I believe that's a fair point, but I believe that the mess that Nato is transcends the paternalistic role of the US in EU defence matters; it has a lot more to do with failing to re-evaluate and re-formualte a vision of where Nato needs to go in 2009 and beyond!

Finally, there is Mark Medish's article in the New York Times, which actually mentions regional integration in the following context:



"Since the Soviet collapse, NATO has been a useful tool of regional integration, although it has done little in this regard that the European Union could not do better."



Regional integration? Come on, now. I would never go so far as saying that Nato has been a tool of regional integration in the sense that we have expressed it here on t his blog; I don't even know whether an alliance can foster or facilitate regional integration by simply expanding, without deepening, which if we are frank with ourselves, the EU does not do. It has always expanded very well, and deepened its regional inegration process rather well.

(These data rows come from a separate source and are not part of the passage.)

(* Let $\mathcal X$ be a finite alphabet and let $P_0,P_1,\hat P_0,\hat P_1$ be probability distributions on $\mathcal X$ with $P_0(x),P_1(x),\hat P_0(x),\hat P_1(x)>0$ for all $x\in\mathcal X$. An observation $\mathbf x=(x_1,\dots,x_n)$ is drawn i.i.d. from $P_0$ (hypothesis $0$) or from $P_1$ (hypothesis $1$). For a threshold $\hat\gamma\in\mathbb R$ consider the mismatched likelihood ratio test which, writing $\hat T$ for the type (empirical distribution) of $\mathbf x$, decides hypothesis $1$ if $D(\hat T\|\hat P_0)-D(\hat T\|\hat P_1)\ge\hat\gamma$ and hypothesis $0$ otherwise. Let $\epsilon_0$ be the probability under $P_0^n$ of deciding $1$ and $\epsilon_1$ the probability under $P_1^n$ of deciding $0$, and let $\hat E_i=\liminf_{n\to\infty}-\frac1n\log\epsilon_i$, $i\in\{0,1\}$. Then $$\hat E_0=\min_{Q\in\hat{\mathcal Q}_0}D(Q\|P_0),\qquad \hat E_1=\min_{Q\in\hat{\mathcal Q}_1}D(Q\|P_1),$$ where $\hat{\mathcal Q}_0=\{Q\in\mathcal P(\mathcal X):D(Q\|\hat P_0)-D(Q\|\hat P_1)\ge\hat\gamma\}$ and $\hat{\mathcal Q}_1=\{Q\in\mathcal P(\mathcal X):D(Q\|\hat P_0)-D(Q\|\hat P_1)\le\hat\gamma\}$. The minimizers are, respectively, $$\hat Q_{\lambda_0}(x)=\frac{P_0(x)\hat P_0^{-\lambda_0}(x)\hat P_1^{\lambda_0}(x)}{\sum_{a\in\mathcal X}P_0(a)\hat P_0^{-\lambda_0}(a)\hat P_1^{\lambda_0}(a)},\qquad \hat Q_{\lambda_1}(x)=\frac{P_1(x)\hat P_1^{-\lambda_1}(x)\hat P_0^{\lambda_1}(x)}{\sum_{a\in\mathcal X}P_1(a)\hat P_1^{-\lambda_1}(a)\hat P_0^{\lambda_1}(a)},$$ with $\lambda_0,\lambda_1\ge0$, where: if $D(P_0\|\hat P_0)-D(P_0\|\hat P_1)\le\hat\gamma$, then $\lambda_0$ is chosen so that $D(\hat Q_{\lambda_0}\|\hat P_0)-D(\hat Q_{\lambda_0}\|\hat P_1)=\hat\gamma$, and otherwise $\hat Q_{\lambda_0}=P_0$ and $\hat E_0=0$; if $D(P_1\|\hat P_0)-D(P_1\|\hat P_1)\ge\hat\gamma$, then $\lambda_1$ is chosen so that $D(\hat Q_{\lambda_1}\|\hat P_0)-D(\hat Q_{\lambda_1}\|\hat P_1)=\hat\gamma$, and otherwise $\hat Q_{\lambda_1}=P_1$ and $\hat E_1=0$. Furthermore, $$\hat E_0=\max_{\lambda\ge0}\Big\{\lambda\hat\gamma-\log\sum_{x\in\mathcal X}P_0(x)\hat P_0^{-\lambda}(x)\hat P_1^{\lambda}(x)\Big\},\qquad \hat E_1=\max_{\lambda\ge0}\Big\{-\lambda\hat\gamma-\log\sum_{x\in\mathcal X}\hat P_0^{\lambda}(x)P_1(x)\hat P_1^{-\lambda}(x)\Big\}.$$
   Context: $D(P\|Q)=\sum_x P(x)\log\frac{P(x)}{Q(x)}$ is the relative entropy; $\mathcal P(\mathcal X)$ is the probability simplex on $\mathcal X$. The type of $\mathbf x$ is $\hat T(a)=N(a|\mathbf x)/n$, with $N(a|\mathbf x)$ the number of occurrences of $a$ in $\mathbf x$. Here $P_0,P_1$ are the true distributions and $\hat P_0,\hat P_1$ the (mismatched) distributions used by the test. *)

theory Defs
  imports "HOL-Analysis.Analysis"
begin

text \<open>Relative entropy (natural logarithm; convention 0 log 0 = 0 holds since 0 * _ = 0).\<close>
definition rel_entropy :: "('a::finite \<Rightarrow> real) \<Rightarrow> ('a \<Rightarrow> real) \<Rightarrow> real" where
  "rel_entropy P Q = (\<Sum>x\<in>UNIV. P x * ln (P x / Q x))"

definition prob_simplex :: "('a::finite \<Rightarrow> real) set" where
  "prob_simplex = {Q. (\<forall>x. 0 \<le> Q x) \<and> (\<Sum>x\<in>UNIV. Q x) = 1}"

definition type_of :: "'a list \<Rightarrow> 'a \<Rightarrow> real" where
  "type_of xs a = real (count_list xs a) / real (length xs)"

definition mm_stat :: "('a::finite \<Rightarrow> real) \<Rightarrow> ('a \<Rightarrow> real) \<Rightarrow> ('a \<Rightarrow> real) \<Rightarrow> real" where
  "mm_stat hP0 hP1 Q = rel_entropy Q hP0 - rel_entropy Q hP1"

definition decides1 :: "('a::finite \<Rightarrow> real) \<Rightarrow> ('a \<Rightarrow> real) \<Rightarrow> real \<Rightarrow> 'a list \<Rightarrow> bool" where
  "decides1 hP0 hP1 g xs \<longleftrightarrow> mm_stat hP0 hP1 (type_of xs) \<ge> g"

definition iid_prob :: "('a::finite \<Rightarrow> real) \<Rightarrow> nat \<Rightarrow> ('a list \<Rightarrow> bool) \<Rightarrow> real" where
  "iid_prob P n E = (\<Sum>xs\<in>{xs. length xs = n \<and> E xs}. prod_list (map P xs))"

definition err0 :: "('a::finite \<Rightarrow> real) \<Rightarrow> ('a \<Rightarrow> real) \<Rightarrow> ('a \<Rightarrow> real) \<Rightarrow> real \<Rightarrow> nat \<Rightarrow> real" where
  "err0 P0 hP0 hP1 g n = iid_prob P0 n (decides1 hP0 hP1 g)"

definition err1 :: "('a::finite \<Rightarrow> real) \<Rightarrow> ('a \<Rightarrow> real) \<Rightarrow> ('a \<Rightarrow> real) \<Rightarrow> real \<Rightarrow> nat \<Rightarrow> real" where
  "err1 P1 hP0 hP1 g n = iid_prob P1 n (\<lambda>xs. \<not> decides1 hP0 hP1 g xs)"

definition err_exponent :: "(nat \<Rightarrow> real) \<Rightarrow> ereal" where
  "err_exponent eps = liminf (\<lambda>n. ereal (- ln (eps n) / real n))"

definition tilted :: "('a::finite \<Rightarrow> real) \<Rightarrow> ('a \<Rightarrow> real) \<Rightarrow> ('a \<Rightarrow> real) \<Rightarrow> real \<Rightarrow> 'a \<Rightarrow> real" where
  "tilted P A B l x = P x * A x powr (- l) * B x powr l
      / (\<Sum>a\<in>UNIV. P a * A a powr (- l) * B a powr l)"

end

theory Submission
  imports Defs
begin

In the specific context of Nato, though, the writer uses the words "iconoclast"; " institutional fetishism"; and "radical re-branding". What he means in using these words is to explain that the iconoclasts "view [Nato] as a hollow alliance that has plainly outlived its usefulness and represents a misallocation of scarce reosurces."

As regards "institutional fetishism", the writer suggests that there will always be proponents of Nato; he believes that these proponents practice "institutional fetishism", which he thinks they should go beyond, adding "Nato should not be considered too big to fail."

Finally, on "radical re-branding", Medish offers a humorous rendering:




Instead of disbanding or expanding, a better option would be radical re-branding. It is not necessarily too late for this. Re-branding could start with a new name, such as POTATO, which would be far less neuralgic, at least in Moscow.




In short, Nato needs not just a re-think, but a very sober one if it choses to go forward. If it were for me, I think Brussels could do with a nice park at its headquarters in Evere!